*EXERCISE GOAL:*
In the records that follow, find the line with "fa \<Rightarrow> nat"; from there, retype every line exactly through the line with "R a cocycle supported", which also belongs to the answer.
┌─ PROVIDED RECORDS
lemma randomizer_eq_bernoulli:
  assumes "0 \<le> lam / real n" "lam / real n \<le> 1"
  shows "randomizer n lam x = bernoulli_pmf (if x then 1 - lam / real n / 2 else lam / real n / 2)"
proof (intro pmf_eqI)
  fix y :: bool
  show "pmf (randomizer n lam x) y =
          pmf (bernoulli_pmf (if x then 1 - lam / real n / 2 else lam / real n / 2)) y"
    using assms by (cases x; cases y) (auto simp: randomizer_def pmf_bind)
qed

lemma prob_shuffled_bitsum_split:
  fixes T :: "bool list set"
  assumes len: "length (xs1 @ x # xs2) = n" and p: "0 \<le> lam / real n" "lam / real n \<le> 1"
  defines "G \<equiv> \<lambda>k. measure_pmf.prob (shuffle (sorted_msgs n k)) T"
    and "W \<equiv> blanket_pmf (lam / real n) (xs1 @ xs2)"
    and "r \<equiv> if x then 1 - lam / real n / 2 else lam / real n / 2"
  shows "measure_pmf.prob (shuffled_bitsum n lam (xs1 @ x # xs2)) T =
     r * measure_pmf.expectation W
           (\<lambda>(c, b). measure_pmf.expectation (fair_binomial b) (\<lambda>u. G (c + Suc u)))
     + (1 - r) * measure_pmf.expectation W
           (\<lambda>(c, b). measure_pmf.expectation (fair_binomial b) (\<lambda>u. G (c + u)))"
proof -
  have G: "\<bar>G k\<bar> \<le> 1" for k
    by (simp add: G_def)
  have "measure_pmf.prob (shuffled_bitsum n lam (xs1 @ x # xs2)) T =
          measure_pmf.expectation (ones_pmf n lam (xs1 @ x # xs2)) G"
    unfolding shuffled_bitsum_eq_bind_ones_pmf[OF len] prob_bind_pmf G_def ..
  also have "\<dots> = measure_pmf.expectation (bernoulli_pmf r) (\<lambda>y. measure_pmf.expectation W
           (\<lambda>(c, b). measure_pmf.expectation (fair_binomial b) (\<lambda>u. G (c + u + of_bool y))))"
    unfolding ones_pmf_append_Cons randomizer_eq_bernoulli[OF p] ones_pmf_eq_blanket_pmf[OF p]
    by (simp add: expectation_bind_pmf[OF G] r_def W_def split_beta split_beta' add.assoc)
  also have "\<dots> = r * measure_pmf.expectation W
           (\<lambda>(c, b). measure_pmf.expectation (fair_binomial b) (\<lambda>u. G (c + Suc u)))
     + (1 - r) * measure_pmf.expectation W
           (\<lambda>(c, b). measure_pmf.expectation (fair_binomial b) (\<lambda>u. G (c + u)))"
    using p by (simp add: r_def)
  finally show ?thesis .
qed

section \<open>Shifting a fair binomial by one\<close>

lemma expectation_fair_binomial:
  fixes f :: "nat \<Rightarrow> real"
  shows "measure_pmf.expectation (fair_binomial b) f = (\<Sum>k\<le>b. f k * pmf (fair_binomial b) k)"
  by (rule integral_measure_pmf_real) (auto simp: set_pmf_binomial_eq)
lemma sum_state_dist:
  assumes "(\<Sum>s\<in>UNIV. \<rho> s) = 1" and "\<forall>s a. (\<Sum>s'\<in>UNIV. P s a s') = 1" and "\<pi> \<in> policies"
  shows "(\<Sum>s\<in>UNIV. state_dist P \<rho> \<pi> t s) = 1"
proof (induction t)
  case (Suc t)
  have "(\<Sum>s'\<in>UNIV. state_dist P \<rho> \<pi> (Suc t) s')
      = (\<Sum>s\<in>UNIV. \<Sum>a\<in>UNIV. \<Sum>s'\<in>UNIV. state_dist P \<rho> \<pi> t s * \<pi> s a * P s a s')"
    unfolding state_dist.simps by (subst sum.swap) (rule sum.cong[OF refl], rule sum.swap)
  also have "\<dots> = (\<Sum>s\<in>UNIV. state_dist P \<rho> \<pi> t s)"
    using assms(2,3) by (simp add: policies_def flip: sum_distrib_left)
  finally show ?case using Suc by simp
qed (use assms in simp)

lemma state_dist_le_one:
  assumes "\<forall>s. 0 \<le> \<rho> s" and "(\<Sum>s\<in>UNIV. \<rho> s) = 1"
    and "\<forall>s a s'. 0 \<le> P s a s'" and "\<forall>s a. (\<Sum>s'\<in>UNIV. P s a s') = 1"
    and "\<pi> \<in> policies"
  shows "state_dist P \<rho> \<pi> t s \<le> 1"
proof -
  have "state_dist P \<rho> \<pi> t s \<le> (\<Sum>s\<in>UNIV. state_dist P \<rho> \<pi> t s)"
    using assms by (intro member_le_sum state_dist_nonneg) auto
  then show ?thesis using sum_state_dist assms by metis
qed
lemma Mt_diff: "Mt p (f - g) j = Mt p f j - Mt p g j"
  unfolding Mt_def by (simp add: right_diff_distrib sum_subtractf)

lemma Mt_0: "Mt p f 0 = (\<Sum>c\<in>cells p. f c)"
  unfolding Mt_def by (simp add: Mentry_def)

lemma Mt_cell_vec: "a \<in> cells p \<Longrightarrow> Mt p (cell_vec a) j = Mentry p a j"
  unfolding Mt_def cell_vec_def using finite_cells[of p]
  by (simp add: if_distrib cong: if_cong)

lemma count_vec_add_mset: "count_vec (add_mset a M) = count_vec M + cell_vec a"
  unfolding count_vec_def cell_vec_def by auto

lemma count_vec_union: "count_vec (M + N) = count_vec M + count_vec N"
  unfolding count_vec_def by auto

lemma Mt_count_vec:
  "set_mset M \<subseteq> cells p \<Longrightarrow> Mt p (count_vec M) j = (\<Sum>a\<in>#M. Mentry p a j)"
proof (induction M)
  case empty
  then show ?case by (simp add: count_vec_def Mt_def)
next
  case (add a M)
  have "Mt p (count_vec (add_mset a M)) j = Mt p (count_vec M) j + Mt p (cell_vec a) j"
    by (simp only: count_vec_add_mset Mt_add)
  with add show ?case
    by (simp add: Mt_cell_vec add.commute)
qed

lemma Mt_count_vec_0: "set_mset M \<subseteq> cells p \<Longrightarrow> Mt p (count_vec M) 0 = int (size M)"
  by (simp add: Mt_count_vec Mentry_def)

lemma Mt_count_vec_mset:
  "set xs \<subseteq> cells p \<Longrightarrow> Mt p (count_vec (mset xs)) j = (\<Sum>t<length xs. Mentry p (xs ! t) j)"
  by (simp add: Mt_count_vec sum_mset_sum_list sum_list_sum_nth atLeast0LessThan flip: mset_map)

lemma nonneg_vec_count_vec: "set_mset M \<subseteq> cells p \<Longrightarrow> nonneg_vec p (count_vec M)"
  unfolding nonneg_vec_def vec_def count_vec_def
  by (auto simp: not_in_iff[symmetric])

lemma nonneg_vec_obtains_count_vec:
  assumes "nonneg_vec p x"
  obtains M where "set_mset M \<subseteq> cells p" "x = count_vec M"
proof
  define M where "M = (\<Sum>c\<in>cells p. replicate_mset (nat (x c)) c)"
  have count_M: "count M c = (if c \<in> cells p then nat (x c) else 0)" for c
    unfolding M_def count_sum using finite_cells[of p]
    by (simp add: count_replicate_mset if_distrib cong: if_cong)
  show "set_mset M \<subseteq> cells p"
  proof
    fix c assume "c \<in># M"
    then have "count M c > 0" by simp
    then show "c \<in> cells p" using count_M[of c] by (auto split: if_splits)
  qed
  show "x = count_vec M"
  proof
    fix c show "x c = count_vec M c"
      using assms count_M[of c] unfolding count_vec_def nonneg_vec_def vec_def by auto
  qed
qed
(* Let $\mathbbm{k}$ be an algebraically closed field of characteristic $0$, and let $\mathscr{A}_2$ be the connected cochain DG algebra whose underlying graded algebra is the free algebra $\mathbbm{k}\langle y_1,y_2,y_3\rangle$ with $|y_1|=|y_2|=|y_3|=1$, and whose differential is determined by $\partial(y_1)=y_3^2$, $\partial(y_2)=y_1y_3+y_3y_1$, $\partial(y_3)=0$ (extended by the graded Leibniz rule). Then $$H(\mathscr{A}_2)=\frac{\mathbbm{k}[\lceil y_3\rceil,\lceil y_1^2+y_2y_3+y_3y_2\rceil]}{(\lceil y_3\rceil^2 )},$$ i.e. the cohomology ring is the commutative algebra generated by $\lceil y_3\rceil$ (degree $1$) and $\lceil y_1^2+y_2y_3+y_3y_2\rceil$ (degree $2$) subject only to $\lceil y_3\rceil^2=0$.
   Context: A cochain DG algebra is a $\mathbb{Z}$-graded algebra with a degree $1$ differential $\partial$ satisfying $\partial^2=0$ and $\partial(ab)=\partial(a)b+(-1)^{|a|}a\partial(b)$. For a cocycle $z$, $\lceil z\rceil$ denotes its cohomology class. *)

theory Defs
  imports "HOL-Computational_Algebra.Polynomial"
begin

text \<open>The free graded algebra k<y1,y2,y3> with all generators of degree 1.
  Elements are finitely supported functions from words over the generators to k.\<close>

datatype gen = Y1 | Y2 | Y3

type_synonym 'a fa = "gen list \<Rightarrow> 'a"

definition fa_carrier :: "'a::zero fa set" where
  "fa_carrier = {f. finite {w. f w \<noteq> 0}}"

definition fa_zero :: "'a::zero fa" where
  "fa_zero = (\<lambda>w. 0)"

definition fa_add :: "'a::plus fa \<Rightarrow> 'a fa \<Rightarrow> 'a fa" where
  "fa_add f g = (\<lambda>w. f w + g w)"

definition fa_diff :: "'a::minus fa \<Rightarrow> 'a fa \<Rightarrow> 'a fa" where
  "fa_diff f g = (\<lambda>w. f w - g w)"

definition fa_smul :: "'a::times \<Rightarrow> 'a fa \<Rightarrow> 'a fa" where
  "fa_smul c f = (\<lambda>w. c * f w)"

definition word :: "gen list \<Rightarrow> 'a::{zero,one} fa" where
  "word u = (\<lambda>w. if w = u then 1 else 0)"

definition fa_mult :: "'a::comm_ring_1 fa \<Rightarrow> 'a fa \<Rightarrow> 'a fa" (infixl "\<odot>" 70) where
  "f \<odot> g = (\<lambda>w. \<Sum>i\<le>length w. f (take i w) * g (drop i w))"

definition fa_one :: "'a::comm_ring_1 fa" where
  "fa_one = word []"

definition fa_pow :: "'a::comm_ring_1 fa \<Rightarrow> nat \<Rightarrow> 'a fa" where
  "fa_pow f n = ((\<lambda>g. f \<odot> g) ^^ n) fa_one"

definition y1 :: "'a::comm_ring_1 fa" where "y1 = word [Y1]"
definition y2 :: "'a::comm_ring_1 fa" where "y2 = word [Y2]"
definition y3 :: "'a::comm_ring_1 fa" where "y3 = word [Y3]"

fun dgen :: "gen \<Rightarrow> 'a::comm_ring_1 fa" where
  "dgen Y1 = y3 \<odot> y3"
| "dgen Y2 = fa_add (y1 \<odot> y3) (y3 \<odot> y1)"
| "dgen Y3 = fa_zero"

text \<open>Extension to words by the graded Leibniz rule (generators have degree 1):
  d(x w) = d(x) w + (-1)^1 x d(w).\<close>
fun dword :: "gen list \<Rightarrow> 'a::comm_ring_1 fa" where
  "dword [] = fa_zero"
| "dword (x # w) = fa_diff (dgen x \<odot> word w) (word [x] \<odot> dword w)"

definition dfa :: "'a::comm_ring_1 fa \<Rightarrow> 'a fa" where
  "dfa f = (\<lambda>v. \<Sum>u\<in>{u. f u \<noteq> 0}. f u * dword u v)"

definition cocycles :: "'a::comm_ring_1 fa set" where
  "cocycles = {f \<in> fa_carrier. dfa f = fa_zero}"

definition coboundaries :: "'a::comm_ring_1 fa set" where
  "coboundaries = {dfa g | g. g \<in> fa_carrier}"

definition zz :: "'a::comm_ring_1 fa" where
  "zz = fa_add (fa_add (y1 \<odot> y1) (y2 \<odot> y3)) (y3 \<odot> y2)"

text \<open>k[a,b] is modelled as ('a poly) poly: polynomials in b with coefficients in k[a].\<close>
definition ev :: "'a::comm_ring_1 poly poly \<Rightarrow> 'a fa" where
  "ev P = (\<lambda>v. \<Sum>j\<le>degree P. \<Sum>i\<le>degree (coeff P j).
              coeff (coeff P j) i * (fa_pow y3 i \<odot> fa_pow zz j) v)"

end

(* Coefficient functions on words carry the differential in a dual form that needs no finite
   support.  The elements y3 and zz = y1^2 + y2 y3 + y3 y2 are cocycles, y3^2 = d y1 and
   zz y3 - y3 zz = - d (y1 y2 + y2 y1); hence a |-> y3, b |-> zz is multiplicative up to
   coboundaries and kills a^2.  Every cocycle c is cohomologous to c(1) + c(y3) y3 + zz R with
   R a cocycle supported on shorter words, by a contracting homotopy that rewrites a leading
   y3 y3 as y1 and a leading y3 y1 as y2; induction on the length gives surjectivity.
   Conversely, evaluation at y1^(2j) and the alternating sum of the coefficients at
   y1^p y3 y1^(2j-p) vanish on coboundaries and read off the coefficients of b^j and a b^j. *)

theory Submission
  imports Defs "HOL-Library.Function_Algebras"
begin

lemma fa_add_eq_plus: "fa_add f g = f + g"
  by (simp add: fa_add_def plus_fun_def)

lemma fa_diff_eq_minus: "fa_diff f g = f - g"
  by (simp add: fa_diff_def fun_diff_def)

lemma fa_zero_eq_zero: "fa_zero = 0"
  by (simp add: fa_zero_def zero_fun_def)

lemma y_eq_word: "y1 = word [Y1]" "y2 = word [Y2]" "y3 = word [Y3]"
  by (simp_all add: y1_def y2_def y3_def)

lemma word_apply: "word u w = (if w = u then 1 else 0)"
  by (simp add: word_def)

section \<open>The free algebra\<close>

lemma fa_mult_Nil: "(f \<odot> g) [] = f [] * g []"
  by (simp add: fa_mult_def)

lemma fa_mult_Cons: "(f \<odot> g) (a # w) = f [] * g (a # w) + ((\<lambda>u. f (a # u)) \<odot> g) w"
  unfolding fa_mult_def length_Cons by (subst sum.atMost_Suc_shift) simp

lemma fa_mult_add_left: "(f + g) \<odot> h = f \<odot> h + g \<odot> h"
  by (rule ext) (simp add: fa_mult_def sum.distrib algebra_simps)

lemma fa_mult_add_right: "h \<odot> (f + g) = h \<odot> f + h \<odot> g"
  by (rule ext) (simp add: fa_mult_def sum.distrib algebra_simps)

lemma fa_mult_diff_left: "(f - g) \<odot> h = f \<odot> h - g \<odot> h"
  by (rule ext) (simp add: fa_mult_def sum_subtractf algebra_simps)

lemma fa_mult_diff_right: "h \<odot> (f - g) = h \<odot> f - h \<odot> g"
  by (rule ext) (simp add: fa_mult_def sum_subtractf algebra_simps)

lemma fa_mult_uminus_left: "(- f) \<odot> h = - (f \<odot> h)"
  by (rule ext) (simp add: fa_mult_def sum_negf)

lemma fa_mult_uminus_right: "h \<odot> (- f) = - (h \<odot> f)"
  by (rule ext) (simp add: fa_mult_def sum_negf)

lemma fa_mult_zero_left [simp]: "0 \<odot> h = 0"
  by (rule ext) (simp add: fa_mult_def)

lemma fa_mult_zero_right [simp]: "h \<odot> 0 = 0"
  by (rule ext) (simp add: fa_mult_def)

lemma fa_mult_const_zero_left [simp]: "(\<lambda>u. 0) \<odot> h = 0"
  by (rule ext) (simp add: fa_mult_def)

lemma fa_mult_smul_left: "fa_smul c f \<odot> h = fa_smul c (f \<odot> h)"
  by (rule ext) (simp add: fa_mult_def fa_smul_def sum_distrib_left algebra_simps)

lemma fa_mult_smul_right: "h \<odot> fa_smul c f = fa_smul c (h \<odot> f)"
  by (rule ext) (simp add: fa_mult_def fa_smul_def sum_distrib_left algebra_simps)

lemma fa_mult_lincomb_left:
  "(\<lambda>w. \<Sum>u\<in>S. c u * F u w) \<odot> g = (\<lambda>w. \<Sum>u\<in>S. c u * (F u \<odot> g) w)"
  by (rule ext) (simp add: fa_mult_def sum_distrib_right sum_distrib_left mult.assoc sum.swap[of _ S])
└─
*RESPONSE FOR THIS EXERCISE:*
definition fa_pow :: "'a::comm_ring_1 fa \<Rightarrow> nat \<Rightarrow> 'a fa" where
  "fa_pow f n = ((\<lambda>g. f \<odot> g) ^^ n) fa_one"

definition y1 :: "'a::comm_ring_1 fa" where "y1 = word [Y1]"
definition y2 :: "'a::comm_ring_1 fa" where "y2 = word [Y2]"
definition y3 :: "'a::comm_ring_1 fa" where "y3 = word [Y3]"

fun dgen :: "gen \<Rightarrow> 'a::comm_ring_1 fa" where
  "dgen Y1 = y3 \<odot> y3"
| "dgen Y2 = fa_add (y1 \<odot> y3) (y3 \<odot> y1)"
| "dgen Y3 = fa_zero"

text \<open>Extension to words by the graded Leibniz rule (generators have degree 1):
  d(x w) = d(x) w + (-1)^1 x d(w).\<close>
fun dword :: "gen list \<Rightarrow> 'a::comm_ring_1 fa" where
  "dword [] = fa_zero"
| "dword (x # w) = fa_diff (dgen x \<odot> word w) (word [x] \<odot> dword w)"

definition dfa :: "'a::comm_ring_1 fa \<Rightarrow> 'a fa" where
  "dfa f = (\<lambda>v. \<Sum>u\<in>{u. f u \<noteq> 0}. f u * dword u v)"

definition cocycles :: "'a::comm_ring_1 fa set" where
  "cocycles = {f \<in> fa_carrier. dfa f = fa_zero}"

definition coboundaries :: "'a::comm_ring_1 fa set" where
  "coboundaries = {dfa g | g. g \<in> fa_carrier}"

definition zz :: "'a::comm_ring_1 fa" where
  "zz = fa_add (fa_add (y1 \<odot> y1) (y2 \<odot> y3)) (y3 \<odot> y2)"

text \<open>k[a,b] is modelled as ('a poly) poly: polynomials in b with coefficients in k[a].\<close>
definition ev :: "'a::comm_ring_1 poly poly \<Rightarrow> 'a fa" where
  "ev P = (\<lambda>v. \<Sum>j\<le>degree P. \<Sum>i\<le>degree (coeff P j).
              coeff (coeff P j) i * (fa_pow y3 i \<odot> fa_pow zz j) v)"

end

(* Coefficient functions on words carry the differential in a dual form that needs no finite
   support.  The elements y3 and zz = y1^2 + y2 y3 + y3 y2 are cocycles, y3^2 = d y1 and
   zz y3 - y3 zz = - d (y1 y2 + y2 y1); hence a |-> y3, b |-> zz is multiplicative up to
   coboundaries and kills a^2.  Every cocycle c is cohomologous to c(1) + c(y3) y3 + zz R with
   R a cocycle supported on shorter words, by a contracting homotopy that rewrites a leading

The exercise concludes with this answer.